Although the use of Tversky metric allowed a higher penalty on the FP, a high FP rate (>5%) was still reported in all cases, indicating that accurately isolating the liver from surrounding tissue background is still a relatively challenging task for learning-based methods. It is also interesting to see that the overall performance of our method had no significant gain from introducing deep-supervision of the network training, except it might have helped to better regulate FP.
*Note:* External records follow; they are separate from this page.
(* Assume (A1'). A function $u:J_T\to\mathbb{R}$ which is upper semicontinuous (resp. lower semicontinuous) is a sub-solution (resp. super-solution) of $u_t+H(x,u_x)=0$ on $J_T$ if and only if for every $\phi\in C^1_*(J_T)$ such that $u\le\phi$ (resp. $u\ge\phi$) on $J_T$ and $u=\phi$ at some $(t,x)\in J_T$: - if $x\in J_i^*$, then $\phi_t(t,x)+H_i(\phi_x(t,x))\le0$ (resp. $\ge0$); - if $x=0$, then either there exists $i\in I_N$ such that $\phi_t(t,0)+H_i(\phi^i_x(t,0))\le0$ (resp. $\ge0$), or $\phi_t(t,0)+\max_{i\in I_N}H_i^-(\phi^i_x(t,0))\le0$ (resp. $\ge0$).
   Context: Junction: fix an integer $N\ge1$ and $N$ distinct unit vectors $e_1,\dots,e_N\in\mathbb{R}^2$. Set $J_i=[0,\infty)e_i$, $J_i^*=J_i\setminus\{0\}$, $J=\bigcup_{i=1}^NJ_i$, $I_N=\{1,\dots,N\}$. Each $x\in J_i$ is written $x=x_ie_i$, $x_i\ge0$. $J$ carries the geodesic distance $d(x,y)=|x-y|$ if $x,y$ lie in a common branch, $d(x,y)=|x|+|y|$ otherwise. $J_T=(0,T)\times J$; balls are taken in $(0,\infty)\times J$. For $u$ on $J_T$, $u^i$ is its restriction to $(0,T)\times J_i$ as a function of $(t,x_i)$; $C^1_*(J_T)$ is the set of continuous $u$ with each $u^i\in C^1((0,T)\times[0,\infty))$; $u^i_x=\partial u^i/\partial x_i$, $u_x=u^i_x$ on $J_i^*$, $u_x(t,0)=(u^1_x(t,0),\dots,u^N_x(t,0))$. (A1'): for each $i\in I_N$, $H_i:\mathbb{R}\to\mathbb{R}$ is continuous with $H_i(p)\to+\infty$ as $|p|\to\infty$, and there is $p^i_0\in\mathbb{R}$ such that $H_i$ is non-increasing on $(-\infty,p_0^i]$ and non-decreasing on $[p_0^i,\infty)$. Then $H_i^-(p)=\inf_{q\le0}H_i(p+q)$. $H(x,p)=H_i(p)$ for $x\in J_i^*$, $H(0,p)=\max_iH_i^-(p_i)$ for $p\in\mathbb{R}^N$. Viscosity solutions: $u$ is a sub-solution (resp. super-solution) of $u_t+H(x,u_x)=0$ on $J_T$ if it is u.s.c. (resp. l.s.c.) and for every $\phi\in C^1_*(J_T)$, $P=(t,x)\in J_T$, $r>0$ with $u\le\phi$ (resp. $u\ge\phi$) on $B(P,r)$ and $u(P)=\phi(P)$: if $x\in J_i^*$ then $\phi_t(t,x)+H_i(\phi_x(t,x))\le0$ (resp. $\ge0$); if $x=0$ then $\phi_t(t,0)+\max_iH_i^-(\phi^i_x(t,0))\le0$ (resp. $\ge0$). *)

theory Defs
  imports "HOL-Analysis.Analysis"
begin

text \<open>A point of J_T is encoded as (i,(t,x)) with i in {1..N},
 0<t<T, x>=0 (x = x_i the coordinate along branch i); points with x = 0 on different
 branches represent the same junction point 0. A function on J_T is encoded by its
 branch restrictions u i (t,x) = u^i(t,x_i), which must agree at x = 0.\<close>

definition inJT :: "nat \<Rightarrow> real \<Rightarrow> nat \<Rightarrow> real \<Rightarrow> real \<Rightarrow> bool" where
  "inJT N T i t x \<longleftrightarrow> i \<in> {1..N} \<and> 0 < t \<and> t < T \<and> 0 \<le> x"

definition jdist :: "nat \<Rightarrow> real \<Rightarrow> nat \<Rightarrow> real \<Rightarrow> real" where
  "jdist i x j y = (if i = j then \<bar>x - y\<bar> else x + y)"

definition pdist :: "nat \<Rightarrow> real \<Rightarrow> real \<Rightarrow> nat \<Rightarrow> real \<Rightarrow> real \<Rightarrow> real" where
  "pdist i t x j s y = sqrt ((t - s)^2 + (jdist i x j y)^2)"

definition jfun :: "nat \<Rightarrow> real \<Rightarrow> (nat \<Rightarrow> real \<times> real \<Rightarrow> real) \<Rightarrow> bool" where
  "jfun N T u \<longleftrightarrow> (\<forall>i\<in>{1..N}. \<forall>j\<in>{1..N}. \<forall>t. 0 < t \<and> t < T \<longrightarrow> u i (t,0) = u j (t,0))"

definition usc_JT :: "nat \<Rightarrow> real \<Rightarrow> (nat \<Rightarrow> real \<times> real \<Rightarrow> real) \<Rightarrow> bool" where
  "usc_JT N T u \<longleftrightarrow> (\<forall>i t x. inJT N T i t x \<longrightarrow> (\<forall>\<epsilon>>0. \<exists>\<delta>>0. \<forall>j s y.
      inJT N T j s y \<and> pdist i t x j s y < \<delta> \<longrightarrow> u j (s,y) < u i (t,x) + \<epsilon>))"

definition lsc_JT :: "nat \<Rightarrow> real \<Rightarrow> (nat \<Rightarrow> real \<times> real \<Rightarrow> real) \<Rightarrow> bool" where
  "lsc_JT N T u \<longleftrightarrow> (\<forall>i t x. inJT N T i t x \<longrightarrow> (\<forall>\<epsilon>>0. \<exists>\<delta>>0. \<forall>j s y.
      inJT N T j s y \<and> pdist i t x j s y < \<delta> \<longrightarrow> u j (s,y) > u i (t,x) - \<epsilon>))"

text \<open>phi in C^1_*(J_T), with phit i, phix i the (continuous) partial derivatives of phi^i
 on (0,T) x [0,inf) (one-sided at x = 0).\<close>
definition C1star :: "nat \<Rightarrow> real \<Rightarrow> (nat \<Rightarrow> real \<times> real \<Rightarrow> real)
    \<Rightarrow> (nat \<Rightarrow> real \<times> real \<Rightarrow> real) \<Rightarrow> (nat \<Rightarrow> real \<times> real \<Rightarrow> real) \<Rightarrow> bool" where
  "C1star N T \<phi> \<phi>t \<phi>x \<longleftrightarrow> jfun N T \<phi> \<and>
     (\<forall>i\<in>{1..N}. continuous_on ({0<..<T} \<times> {0..}) (\<phi>t i)
        \<and> continuous_on ({0<..<T} \<times> {0..}) (\<phi>x i)
        \<and> (\<forall>p \<in> {0<..<T} \<times> {0..}.
             (\<phi> i has_derivative (\<lambda>(h,k). \<phi>t i p * h + \<phi>x i p * k))
               (at p within ({0<..<T} \<times> {0..}))))"
(* Every sequential Thiele rule whose scoring function is not of the form $s(x)=\alpha x$ (i.e., every sequential Thiele rule other than approval voting), sequential Phragmén, and the method of equal shares fail participation: for each of these rules $f$ there exist a finite candidate set $C$, a committee size $k$, a profile $A$ on $C$ with $|N_A|\ge 2$ and a voter $i\in N_A$ with $f(A_{-i},k)\succ_i f(A,k)$.
   Context: Candidates form a finite set $C$, $|C|=m>1$. An approval profile $A$ has a nonempty finite voter set $N_A$, each $i\in N_A$ having a nonempty ballot $A_i\subseteq C$; $N_A(c)=\{i\in N_A:c\in A_i\}$, $n=|N_A|$, $A_{-i}$ is $A$ with voter $i$ removed. Committees of size $k\in\{1,\dots,m-1\}$ are $k$-subsets of $C$. Preferences: $W\succsim_i W'$ iff $|W\cap A_i|\ge|W'\cap A_i|$, $W\succ_i W'$ iff $>$. Kelly's extension: $X\succsim_i Y$ iff $W\succsim_i W'$ for all $W\in X,W'\in Y$; $X\succ_i Y$ iff $X\succsim_i Y$ and $W\succ_i W'$ for some $W\in X,W'\in Y$. All rules below build a committee by sequentially adding candidates and return every committee obtainable under some tie-breaking (every choice among tied candidates). Sequential Thiele rule: given $s:\mathbb N_0\to\mathbb Q$ with $s(0)=0$, $s(1)>0$, $s$ nondecreasing and concave ($s(x+1)-s(x)\ge s(x+2)-s(x+1)$), with $\hat s(A,W)=\sum_{i\in N_A}s(|A_i\cap W|)$; having chosen $c_1,\dots,c_\ell$, the next candidate is any $x\in C\setminus\{c_1,\dots,c_\ell\}$ maximizing $\hat s(A,\{c_1,\dots,c_\ell,x\})$. Sequential Phragmén: set $y_0(i)=0$ for all voters. In round $r$, with $c_1,\dots,c_{r-1}$ chosen, each unchosen $c$ has load $\ell_r(c)=\bigl(1+\sum_{i\in N_A(c)}y_{r-1}(i)\bigr)/|N_A(c)|$ ($+\infty$ if $N_A(c)=\emptyset$); any $c_r$ minimizing $\ell_r$ is chosen, and $y_r(i)=\ell_r(c_r)$ for $i\in N_A(c_r)$, $y_r(i)=y_{r-1}(i)$ otherwise. Method of equal shares (MES): each voter starts with budget $x_0(i)=k/n$; every candidate costs 1. Phase 1: with budgets $x_r$ after buying $r$ candidates, let $C_r$ be the unchosen candidates $c$ with $\sum_{i\in N_A(c)}x_r(i)\ge1$; if $C_r\neq\emptyset$, buy any $c\in C_r$ minimizing $\rho(c)$, where $\sum_{i\in N_A(c)}\min(\rho(c),x_r(i))=1$, and set $x_{r+1}(i)=x_r(i)-\min(\rho(c),x_r(i))$ for $i\in N_A(c)$, $x_{r+1}(i)=x_r(i)$ otherwise; stop when $C_r=\emptyset$. Phase 2 (if fewer than $k$ bought): starting from the remaining budgets, all voters' budgets increase continuously at unit rate; as soon as the supporters $N_A(c)$ of some unchosen $c$ have total budget 1, such a $c$ (any, in case of ties) is bought and the budgets of its supporters are reset to 0; continue until $k$ candidates are bought. *)

theory Defs
  imports Complex_Main
begin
The purposed method was implemented using Tensorflow. With an NVIDIA TITAN RTX GPU, the training for 500 echos took approximately 24 h. For a test image volume, each FCN produces a segmentation in 0.8 s.

4 Conclusion

In the context of liver segmentation in 3D MRI T2-weighted image volumes, we proposed a new learning based method that utilizes prior shape information and non-rigid registration to improve the segmentation accuracy. Our method achieved significantly better results than the competing binary classification based method in terms of Dice and HD. Particularly, our method substantially reduced the maximum surface distance errors in the most challenging regions such as the superior left liver lobe and the inferior right lobe. Our technique can be easily extended to segment other more complicated organs when a good image atlas is available. A more detailed comparison study between the proposed method and some of the existing SSM-based techniques is warranted in a future study.